= Beginning of Section =
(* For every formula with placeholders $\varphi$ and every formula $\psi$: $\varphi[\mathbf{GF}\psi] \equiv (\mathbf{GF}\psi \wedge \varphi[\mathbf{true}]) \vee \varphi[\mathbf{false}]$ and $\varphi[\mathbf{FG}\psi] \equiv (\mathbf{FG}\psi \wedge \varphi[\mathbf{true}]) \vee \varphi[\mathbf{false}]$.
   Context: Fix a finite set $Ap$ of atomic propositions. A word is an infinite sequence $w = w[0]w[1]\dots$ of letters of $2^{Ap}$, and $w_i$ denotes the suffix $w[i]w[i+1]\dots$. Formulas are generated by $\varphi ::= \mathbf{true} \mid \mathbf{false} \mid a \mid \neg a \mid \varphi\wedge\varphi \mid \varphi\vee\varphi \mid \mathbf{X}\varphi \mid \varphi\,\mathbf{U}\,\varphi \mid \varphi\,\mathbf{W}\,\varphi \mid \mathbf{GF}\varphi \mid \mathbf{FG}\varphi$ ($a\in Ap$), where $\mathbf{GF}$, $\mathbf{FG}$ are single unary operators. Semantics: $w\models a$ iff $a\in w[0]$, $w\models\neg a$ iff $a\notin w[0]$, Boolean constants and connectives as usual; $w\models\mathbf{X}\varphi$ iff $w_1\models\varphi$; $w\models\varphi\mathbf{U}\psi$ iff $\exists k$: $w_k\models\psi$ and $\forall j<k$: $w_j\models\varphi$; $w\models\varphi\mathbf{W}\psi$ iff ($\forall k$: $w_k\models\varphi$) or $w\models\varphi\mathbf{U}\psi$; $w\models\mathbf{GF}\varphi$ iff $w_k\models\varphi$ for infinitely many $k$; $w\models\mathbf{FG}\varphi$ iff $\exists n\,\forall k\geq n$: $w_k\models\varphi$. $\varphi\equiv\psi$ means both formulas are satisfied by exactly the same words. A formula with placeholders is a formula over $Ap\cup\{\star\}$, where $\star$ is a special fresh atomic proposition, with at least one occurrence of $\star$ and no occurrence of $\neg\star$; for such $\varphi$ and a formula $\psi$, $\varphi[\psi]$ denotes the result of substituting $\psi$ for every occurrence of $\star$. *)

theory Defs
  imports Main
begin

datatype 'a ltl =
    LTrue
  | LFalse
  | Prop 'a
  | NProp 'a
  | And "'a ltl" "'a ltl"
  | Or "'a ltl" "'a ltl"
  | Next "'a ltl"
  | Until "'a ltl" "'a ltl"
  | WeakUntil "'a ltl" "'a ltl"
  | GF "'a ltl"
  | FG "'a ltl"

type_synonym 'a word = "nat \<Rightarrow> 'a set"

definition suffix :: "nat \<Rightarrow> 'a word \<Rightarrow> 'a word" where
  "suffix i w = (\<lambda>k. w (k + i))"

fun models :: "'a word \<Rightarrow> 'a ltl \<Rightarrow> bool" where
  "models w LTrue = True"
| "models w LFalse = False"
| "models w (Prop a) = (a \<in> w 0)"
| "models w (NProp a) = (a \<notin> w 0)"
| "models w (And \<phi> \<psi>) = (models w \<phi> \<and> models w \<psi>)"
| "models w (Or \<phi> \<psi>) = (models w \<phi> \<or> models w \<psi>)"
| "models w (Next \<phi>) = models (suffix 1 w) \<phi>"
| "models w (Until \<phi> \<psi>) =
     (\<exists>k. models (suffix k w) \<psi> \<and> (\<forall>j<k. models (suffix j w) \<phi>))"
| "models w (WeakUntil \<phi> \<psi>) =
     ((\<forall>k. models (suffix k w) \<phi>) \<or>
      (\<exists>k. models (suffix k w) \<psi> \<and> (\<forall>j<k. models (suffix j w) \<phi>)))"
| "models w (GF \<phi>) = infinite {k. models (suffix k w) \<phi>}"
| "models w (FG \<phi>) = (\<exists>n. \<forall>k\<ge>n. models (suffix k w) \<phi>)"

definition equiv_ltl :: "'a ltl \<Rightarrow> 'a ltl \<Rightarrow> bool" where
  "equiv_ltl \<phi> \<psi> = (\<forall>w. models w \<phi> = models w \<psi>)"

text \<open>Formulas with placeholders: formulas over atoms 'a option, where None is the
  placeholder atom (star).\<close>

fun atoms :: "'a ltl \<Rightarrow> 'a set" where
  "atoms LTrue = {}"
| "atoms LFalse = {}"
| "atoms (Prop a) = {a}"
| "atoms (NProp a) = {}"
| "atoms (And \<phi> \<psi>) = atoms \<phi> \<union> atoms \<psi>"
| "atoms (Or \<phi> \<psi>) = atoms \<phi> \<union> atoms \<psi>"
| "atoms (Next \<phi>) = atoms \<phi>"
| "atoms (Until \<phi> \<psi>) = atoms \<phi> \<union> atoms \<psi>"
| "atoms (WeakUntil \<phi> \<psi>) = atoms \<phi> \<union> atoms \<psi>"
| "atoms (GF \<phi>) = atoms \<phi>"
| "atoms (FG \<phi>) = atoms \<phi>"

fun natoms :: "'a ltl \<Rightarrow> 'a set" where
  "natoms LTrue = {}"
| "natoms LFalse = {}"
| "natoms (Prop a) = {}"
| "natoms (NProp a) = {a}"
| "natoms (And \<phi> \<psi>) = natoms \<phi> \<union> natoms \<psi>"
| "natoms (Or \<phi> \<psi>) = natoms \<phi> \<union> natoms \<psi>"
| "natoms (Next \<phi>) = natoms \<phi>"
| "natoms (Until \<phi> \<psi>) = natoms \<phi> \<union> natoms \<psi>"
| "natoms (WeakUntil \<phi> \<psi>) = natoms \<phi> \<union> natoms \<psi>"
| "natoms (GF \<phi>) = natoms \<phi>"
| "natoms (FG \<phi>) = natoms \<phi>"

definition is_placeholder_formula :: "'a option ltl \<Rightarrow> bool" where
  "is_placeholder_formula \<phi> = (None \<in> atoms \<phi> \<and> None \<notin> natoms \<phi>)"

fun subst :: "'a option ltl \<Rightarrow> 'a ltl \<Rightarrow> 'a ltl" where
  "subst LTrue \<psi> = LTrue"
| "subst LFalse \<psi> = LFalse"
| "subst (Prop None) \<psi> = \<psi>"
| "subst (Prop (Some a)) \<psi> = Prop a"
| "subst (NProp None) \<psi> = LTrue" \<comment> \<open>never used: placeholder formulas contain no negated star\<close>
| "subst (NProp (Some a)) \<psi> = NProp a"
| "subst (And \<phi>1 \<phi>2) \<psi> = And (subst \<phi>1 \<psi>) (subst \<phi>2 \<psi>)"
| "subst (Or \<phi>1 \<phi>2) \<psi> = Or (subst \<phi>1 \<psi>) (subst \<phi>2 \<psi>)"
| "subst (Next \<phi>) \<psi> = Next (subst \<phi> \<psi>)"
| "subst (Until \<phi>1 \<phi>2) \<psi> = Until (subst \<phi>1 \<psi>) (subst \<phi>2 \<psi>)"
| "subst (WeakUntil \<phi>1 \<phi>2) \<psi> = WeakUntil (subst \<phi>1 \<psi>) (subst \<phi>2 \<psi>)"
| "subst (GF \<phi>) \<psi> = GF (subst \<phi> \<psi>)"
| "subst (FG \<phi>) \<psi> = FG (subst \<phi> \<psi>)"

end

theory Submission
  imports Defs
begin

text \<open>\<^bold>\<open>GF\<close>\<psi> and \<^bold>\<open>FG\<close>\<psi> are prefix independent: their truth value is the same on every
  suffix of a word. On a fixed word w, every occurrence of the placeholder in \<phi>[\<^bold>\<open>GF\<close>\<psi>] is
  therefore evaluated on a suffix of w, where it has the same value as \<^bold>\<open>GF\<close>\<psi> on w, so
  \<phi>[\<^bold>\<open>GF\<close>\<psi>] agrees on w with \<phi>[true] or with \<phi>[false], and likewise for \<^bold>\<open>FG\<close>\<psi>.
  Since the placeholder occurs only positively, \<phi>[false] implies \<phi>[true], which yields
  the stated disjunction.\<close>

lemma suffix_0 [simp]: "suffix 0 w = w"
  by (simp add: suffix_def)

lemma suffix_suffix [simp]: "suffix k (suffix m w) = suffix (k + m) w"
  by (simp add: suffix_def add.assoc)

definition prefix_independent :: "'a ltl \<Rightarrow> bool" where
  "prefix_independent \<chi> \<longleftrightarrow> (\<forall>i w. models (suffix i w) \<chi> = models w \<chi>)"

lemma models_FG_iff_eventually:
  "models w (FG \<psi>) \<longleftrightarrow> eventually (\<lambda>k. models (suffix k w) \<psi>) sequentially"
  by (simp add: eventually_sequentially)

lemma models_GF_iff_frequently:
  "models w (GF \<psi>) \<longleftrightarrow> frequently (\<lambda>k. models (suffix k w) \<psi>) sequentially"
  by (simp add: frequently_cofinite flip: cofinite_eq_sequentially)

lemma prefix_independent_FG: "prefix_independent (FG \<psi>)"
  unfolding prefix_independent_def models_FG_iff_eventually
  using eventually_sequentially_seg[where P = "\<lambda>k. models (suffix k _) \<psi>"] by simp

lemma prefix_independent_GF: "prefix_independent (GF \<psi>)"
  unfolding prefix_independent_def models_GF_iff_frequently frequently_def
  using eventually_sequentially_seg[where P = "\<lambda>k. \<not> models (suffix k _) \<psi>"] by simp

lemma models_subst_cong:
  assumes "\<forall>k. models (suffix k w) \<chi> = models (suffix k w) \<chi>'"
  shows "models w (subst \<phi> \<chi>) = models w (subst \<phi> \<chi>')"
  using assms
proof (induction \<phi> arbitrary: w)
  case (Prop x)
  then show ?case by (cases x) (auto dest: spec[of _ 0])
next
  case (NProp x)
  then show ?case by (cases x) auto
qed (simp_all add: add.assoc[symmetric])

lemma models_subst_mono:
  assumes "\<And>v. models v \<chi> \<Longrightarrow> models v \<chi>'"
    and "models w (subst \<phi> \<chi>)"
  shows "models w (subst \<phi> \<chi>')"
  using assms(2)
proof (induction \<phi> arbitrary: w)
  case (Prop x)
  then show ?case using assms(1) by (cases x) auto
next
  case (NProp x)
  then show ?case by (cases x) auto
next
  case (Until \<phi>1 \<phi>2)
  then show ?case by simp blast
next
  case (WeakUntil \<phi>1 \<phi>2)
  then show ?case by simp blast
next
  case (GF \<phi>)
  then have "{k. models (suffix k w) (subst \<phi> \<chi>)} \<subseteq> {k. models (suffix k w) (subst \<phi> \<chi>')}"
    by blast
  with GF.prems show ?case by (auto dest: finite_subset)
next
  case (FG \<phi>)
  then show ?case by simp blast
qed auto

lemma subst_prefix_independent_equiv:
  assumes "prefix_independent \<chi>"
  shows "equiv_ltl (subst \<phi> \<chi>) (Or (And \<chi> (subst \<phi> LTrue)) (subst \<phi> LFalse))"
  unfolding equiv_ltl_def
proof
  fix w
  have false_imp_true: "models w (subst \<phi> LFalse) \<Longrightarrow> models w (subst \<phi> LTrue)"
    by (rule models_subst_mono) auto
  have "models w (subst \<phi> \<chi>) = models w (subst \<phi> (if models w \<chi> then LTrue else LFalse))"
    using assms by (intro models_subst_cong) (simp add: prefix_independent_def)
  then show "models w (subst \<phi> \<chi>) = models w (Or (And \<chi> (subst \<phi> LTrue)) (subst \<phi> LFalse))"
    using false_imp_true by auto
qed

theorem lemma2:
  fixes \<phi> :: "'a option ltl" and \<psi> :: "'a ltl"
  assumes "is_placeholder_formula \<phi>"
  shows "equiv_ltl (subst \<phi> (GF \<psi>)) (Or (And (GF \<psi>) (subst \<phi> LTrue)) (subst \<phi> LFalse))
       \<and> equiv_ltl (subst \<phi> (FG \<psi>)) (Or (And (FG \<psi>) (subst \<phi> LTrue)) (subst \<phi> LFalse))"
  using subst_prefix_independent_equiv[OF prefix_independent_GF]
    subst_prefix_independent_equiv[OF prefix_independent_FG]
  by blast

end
= End of Section =
Set down exactly the lines of the data above, beginning with the line that has "(Prop None) \<psi>" and ending with the line that has "(Or \<phi>1 \<phi>2)", and no others.

| "subst (Prop None) \<psi> = \<psi>"
| "subst (Prop (Some a)) \<psi> = Prop a"
| "subst (NProp None) \<psi> = LTrue" \<comment> \<open>never used: placeholder formulas contain no negated star\<close>
| "subst (NProp (Some a)) \<psi> = NProp a"
| "subst (And \<phi>1 \<phi>2) \<psi> = And (subst \<phi>1 \<psi>) (subst \<phi>2 \<psi>)"
| "subst (Or \<phi>1 \<phi>2) \<psi> = Or (subst \<phi>1 \<psi>) (subst \<phi>2 \<psi>)"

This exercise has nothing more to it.